Requirement :: I would like you to print all the records below exactly as they are.

# # # #

lemma eig_in_clGamma2_schoutenA_limit:
  fixes G :: "'a \<Rightarrow> real^('n::{finite,linorder})"
    and H :: "'a \<Rightarrow> real^('n::{finite,linorder})^('n::{finite,linorder})"
  assumes "(v \<longlongrightarrow> v0) F" "(G \<longlongrightarrow> G0) F" "(H \<longlongrightarrow> H0) F" "v0 \<noteq> 0" "F \<noteq> bot"
    and "\<forall>\<^sub>F k in F. eig_in_clGamma2 (schoutenA (v k) (G k) (H k))"
  shows "eig_in_clGamma2 (schoutenA v0 G0 H0)"
  using Lim_in_closed_set[OF closed_eig_in_clGamma2 _ assms(5) tendsto_schoutenA[OF assms(1-4)]]
    assms(6) by simp

lemma C2_data_isCont:
  assumes "C2_data psi g H U" "y \<in> U"
  shows "isCont psi y" "isCont g y" "isCont H y"
proof -
  have "(psi has_derivative (\<lambda>h. g y \<bullet> h)) (at y)" "(g has_derivative (\<lambda>h. H y *v h)) (at y)"
    using assms unfolding C2_data_def by auto
  then show "isCont psi y" "isCont g y" by (auto dest: has_derivative_continuous)
  show "isCont H y"
    using assms unfolding C2_data_def by (auto simp: continuous_on_eq_continuous_at)
qed

lemma C2_data_perturb:
  fixes psi :: "real^'n::{finite,linorder} \<Rightarrow> real"
  assumes "C2_data psi g H U" "open V" "V \<subseteq> U"
  shows "C2_data (\<lambda>z. psi z + c + d * z $ lastidx - M * ((z - x0) \<bullet> (z - x0)))
     (\<lambda>z. g z + d *\<^sub>R axis lastidx 1 - (2 * M) *\<^sub>R (z - x0))
     (\<lambda>z. H z - (2 * M) *\<^sub>R mat 1) V"
  unfolding C2_data_def
proof (intro conjI ballI)
  show "open V" by fact
  fix y assume "y \<in> V"
  then have "y \<in> U" using assms(3) by blast
  then have dpsi: "(psi has_derivative (\<lambda>h. g y \<bullet> h)) (at y)"
    and dg: "(g has_derivative (\<lambda>h. H y *v h)) (at y)"
    using assms(1) unfolding C2_data_def by auto
  have "((\<lambda>z. psi z + c + d * z $ lastidx - M * ((z - x0) \<bullet> (z - x0))) has_derivative
     (\<lambda>h. g y \<bullet> h + 0 + d * h $ lastidx - M * ((y - x0) \<bullet> h + h \<bullet> (y - x0)))) (at y)"
    by (rule derivative_eq_intros dpsi bounded_linear_imp_has_derivative bounded_linear_vec_nth
        | simp)+
  then show "((\<lambda>z. psi z + c + d * z $ lastidx - M * ((z - x0) \<bullet> (z - x0))) has_derivative
     (\<lambda>h. (g y + d *\<^sub>R axis lastidx 1 - (2 * M) *\<^sub>R (y - x0)) \<bullet> h)) (at y)"
    by (rule has_derivative_eq_rhs)
      (auto simp: fun_eq_iff inner_add_left inner_diff_left inner_axis inner_commute algebra_simps)
  show "((\<lambda>z. g z + d *\<^sub>R axis lastidx 1 - (2 * M) *\<^sub>R (z - x0)) has_derivative
     (\<lambda>h. (H y - (2 * M) *\<^sub>R mat 1) *v h)) (at y)"
    by (rule has_derivative_eq_rhs, (rule derivative_eq_intros dg | simp)+)
      (simp add: fun_eq_iff matrix_vector_mult_diff_rdistrib scaleR_matrix_vector_assoc[symmetric])
next
  show "continuous_on V (\<lambda>z. H z - (2 * M) *\<^sub>R mat 1)"
    using assms unfolding C2_data_def by (auto intro!: continuous_intros intro: continuous_on_subset)
qed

# # # #

Result ::
lemma eig_in_clGamma2_schoutenA_limit:
  fixes G :: "'a \<Rightarrow> real^('n::{finite,linorder})"
    and H :: "'a \<Rightarrow> real^('n::{finite,linorder})^('n::{finite,linorder})"
  assumes "(v \<longlongrightarrow> v0) F" "(G \<longlongrightarrow> G0) F" "(H \<longlongrightarrow> H0) F" "v0 \<noteq> 0" "F \<noteq> bot"
    and "\<forall>\<^sub>F k in F. eig_in_clGamma2 (schoutenA (v k) (G k) (H k))"
  shows "eig_in_clGamma2 (schoutenA v0 G0 H0)"
  using Lim_in_closed_set[OF closed_eig_in_clGamma2 _ assms(5) tendsto_schoutenA[OF assms(1-4)]]
    assms(6) by simp

lemma C2_data_isCont:
  assumes "C2_data psi g H U" "y \<in> U"
  shows "isCont psi y" "isCont g y" "isCont H y"
proof -
  have "(psi has_derivative (\<lambda>h. g y \<bullet> h)) (at y)" "(g has_derivative (\<lambda>h. H y *v h)) (at y)"
    using assms unfolding C2_data_def by auto
  then show "isCont psi y" "isCont g y" by (auto dest: has_derivative_continuous)
  show "isCont H y"
    using assms unfolding C2_data_def by (auto simp: continuous_on_eq_continuous_at)
qed

lemma C2_data_perturb:
  fixes psi :: "real^'n::{finite,linorder} \<Rightarrow> real"
  assumes "C2_data psi g H U" "open V" "V \<subseteq> U"
  shows "C2_data (\<lambda>z. psi z + c + d * z $ lastidx - M * ((z - x0) \<bullet> (z - x0)))
     (\<lambda>z. g z + d *\<^sub>R axis lastidx 1 - (2 * M) *\<^sub>R (z - x0))
     (\<lambda>z. H z - (2 * M) *\<^sub>R mat 1) V"
  unfolding C2_data_def
proof (intro conjI ballI)
  show "open V" by fact
  fix y assume "y \<in> V"
  then have "y \<in> U" using assms(3) by blast
  then have dpsi: "(psi has_derivative (\<lambda>h. g y \<bullet> h)) (at y)"
    and dg: "(g has_derivative (\<lambda>h. H y *v h)) (at y)"
    using assms(1) unfolding C2_data_def by auto
  have "((\<lambda>z. psi z + c + d * z $ lastidx - M * ((z - x0) \<bullet> (z - x0))) has_derivative
     (\<lambda>h. g y \<bullet> h + 0 + d * h $ lastidx - M * ((y - x0) \<bullet> h + h \<bullet> (y - x0)))) (at y)"
    by (rule derivative_eq_intros dpsi bounded_linear_imp_has_derivative bounded_linear_vec_nth
        | simp)+
  then show "((\<lambda>z. psi z + c + d * z $ lastidx - M * ((z - x0) \<bullet> (z - x0))) has_derivative
     (\<lambda>h. (g y + d *\<^sub>R axis lastidx 1 - (2 * M) *\<^sub>R (y - x0)) \<bullet> h)) (at y)"
    by (rule has_derivative_eq_rhs)
      (auto simp: fun_eq_iff inner_add_left inner_diff_left inner_axis inner_commute algebra_simps)
  show "((\<lambda>z. g z + d *\<^sub>R axis lastidx 1 - (2 * M) *\<^sub>R (z - x0)) has_derivative
     (\<lambda>h. (H y - (2 * M) *\<^sub>R mat 1) *v h)) (at y)"
    by (rule has_derivative_eq_rhs, (rule derivative_eq_intros dg | simp)+)
      (simp add: fun_eq_iff matrix_vector_mult_diff_rdistrib scaleR_matrix_vector_assoc[symmetric])
next
  show "continuous_on V (\<lambda>z. H z - (2 * M) *\<^sub>R mat 1)"
    using assms unfolding C2_data_def by (auto intro!: continuous_intros intro: continuous_on_subset)
qed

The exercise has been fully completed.